◆ **DATA TO USE**:
lemma C0_zero: "(\<lambda>t. 0) \<in> C0"
  by (simp add: C0_def)

lemma C0_if_compact_support:
  fixes f :: "'a::t2_space \<Rightarrow> complex"
  assumes cont: "continuous_on UNIV f" and "compact K" and vanish: "\<And>t. t \<notin> K \<Longrightarrow> f t = 0"
  shows "f \<in> C0"
proof -
  have "compact {t. e \<le> cmod (f t)}" if "e > 0" for e
  proof -
    have "closed {t. e \<le> cmod (f t)}"
      using cont by (intro closed_Collect_le continuous_intros) auto
    moreover have "{t. e \<le> cmod (f t)} \<subseteq> K"
      using vanish that by force
    ultimately show ?thesis
      using \<open>compact K\<close> compact_Int_closed by (metis inf.absorb_iff2)
  qed
  then show ?thesis
    using cont by (simp add: C0_def)
qed

lemma Hausdorff_space_euclidean_t2: "Hausdorff_space (euclidean :: 'a::t2_space topology)"
  unfolding Hausdorff_space_def disjnt_def by (metis separation_t2 open_openin)

lemma locally_compact_bump:
  fixes W :: "'a::t2_space set"
  assumes lc: "locally_compact_space (euclidean :: 'a topology)" and "open W" "t \<in> W"
  obtains w :: "'a \<Rightarrow> real" and K where "continuous_on UNIV w" "w t = 1"
    "compact K" "K \<subseteq> W" "\<And>s. s \<notin> K \<Longrightarrow> w s = 0"
proof -
  have "neighbourhood_base_of (compactin euclidean) (euclidean :: 'a topology)"
    using lc locally_compact_space_neighbourhood_base Hausdorff_space_euclidean_t2 by blast
  then obtain U K where U: "open U" "compact K" "t \<in> U" "U \<subseteq> K" "K \<subseteq> W"
    using assms unfolding neighbourhood_base_of by (metis compactin_euclidean_iff open_openin)
  have "completely_regular_space (euclidean :: 'a topology)"
    using lc Hausdorff_space_euclidean_t2 locally_compact_regular_imp_completely_regular_space by blast
  then obtain f :: "'a \<Rightarrow> real"
    where f: "continuous_map euclidean (top_of_set {0..1}) f" "f t = 0" "f ` (- U) \<subseteq> {1}"
  proof -
    have "closedin euclidean (- U) \<and> t \<in> topspace euclidean - (- U)"
      using U by auto
    with that show ?thesis
      using \<open>completely_regular_space euclidean\<close> unfolding completely_regular_space_def by blast
  qed
  have "continuous_on UNIV f"
    using f(1) by (simp add: continuous_map_in_subtopology)
  then show ?thesis
    using f U by (intro that[of "\<lambda>s. 1 - f s" K] continuous_intros) auto
qed

lemma proper_local_homeo_continuous: "proper_local_homeo \<tau> \<Longrightarrow> continuous_on UNIV \<tau>"
  by (simp add: proper_local_homeo_def)

lemma proper_local_homeo_locally_injective:
  assumes "proper_local_homeo \<tau>"
  obtains U where "open U" "t \<in> U" "inj_on \<tau> U"
  using assms unfolding proper_local_homeo_def by (metis homeomorphism_def inj_on_inverseI)

lemma proper_local_homeo_open_image:
  assumes plh: "proper_local_homeo \<tau>" and "open S"
  shows "open (\<tau> ` S)"
proof -
  have "\<exists>U. t \<in> U \<and> open (\<tau> ` (S \<inter> U))" for t
  proof -
    obtain U g where "t \<in> U" "open U" "open (\<tau> ` U)" and hom: "homeomorphism U (\<tau> ` U) \<tau> g"
      using plh unfolding proper_local_homeo_def by blast
    moreover have "openin (top_of_set (\<tau> ` U)) (\<tau> ` (S \<inter> U))"
      using \<open>open S\<close> by (metis homeomorphism_imp_open_map[OF hom] inf_commute openin_open_Int)
    ultimately have "open (\<tau> ` (S \<inter> U))"
      using openin_open_trans by blast
    with \<open>t \<in> U\<close> show ?thesis by blast
  qed
  then obtain U where "\<And>t. t \<in> U t" "\<And>t. open (\<tau> ` (S \<inter> U t))"
    by metis
  then have "\<tau> ` S = (\<Union>t\<in>S. \<tau> ` (S \<inter> U t))"
    by blast
  then show ?thesis
    using \<open>\<And>t. open (\<tau> ` (S \<inter> U t))\<close> by auto
qed

lemma proper_local_homeo_closed_image:
  fixes \<tau> :: "'a::t2_space \<Rightarrow> 'a"
  assumes lc: "locally_compact_space (euclidean :: 'a topology)"
    and plh: "proper_local_homeo \<tau>" and "closed S"
  shows "closed (\<tau> ` S)"
proof -
  have "proper_map euclidean euclidean \<tau>"
    using plh by (intro compact_imp_proper_map locally_compact_imp_k_space[OF lc]
        Hausdorff_imp_kc_space Hausdorff_space_euclidean_t2)
      (auto simp: proper_local_homeo_def vimage_def)
  then show ?thesis
    using \<open>closed S\<close> by (simp add: proper_map_def closed_map_def)
qed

◆ **WORK REQUIRED**:
Give back exactly the lines of the listing above, starting with its first line and ending with the line that holds "using vanish that by force".

◆ **OUTPUT**:
lemma C0_zero: "(\<lambda>t. 0) \<in> C0"
  by (simp add: C0_def)

lemma C0_if_compact_support:
  fixes f :: "'a::t2_space \<Rightarrow> complex"
  assumes cont: "continuous_on UNIV f" and "compact K" and vanish: "\<And>t. t \<notin> K \<Longrightarrow> f t = 0"
  shows "f \<in> C0"
proof -
  have "compact {t. e \<le> cmod (f t)}" if "e > 0" for e
  proof -
    have "closed {t. e \<le> cmod (f t)}"
      using cont by (intro closed_Collect_le continuous_intros) auto
    moreover have "{t. e \<le> cmod (f t)} \<subseteq> K"
      using vanish that by force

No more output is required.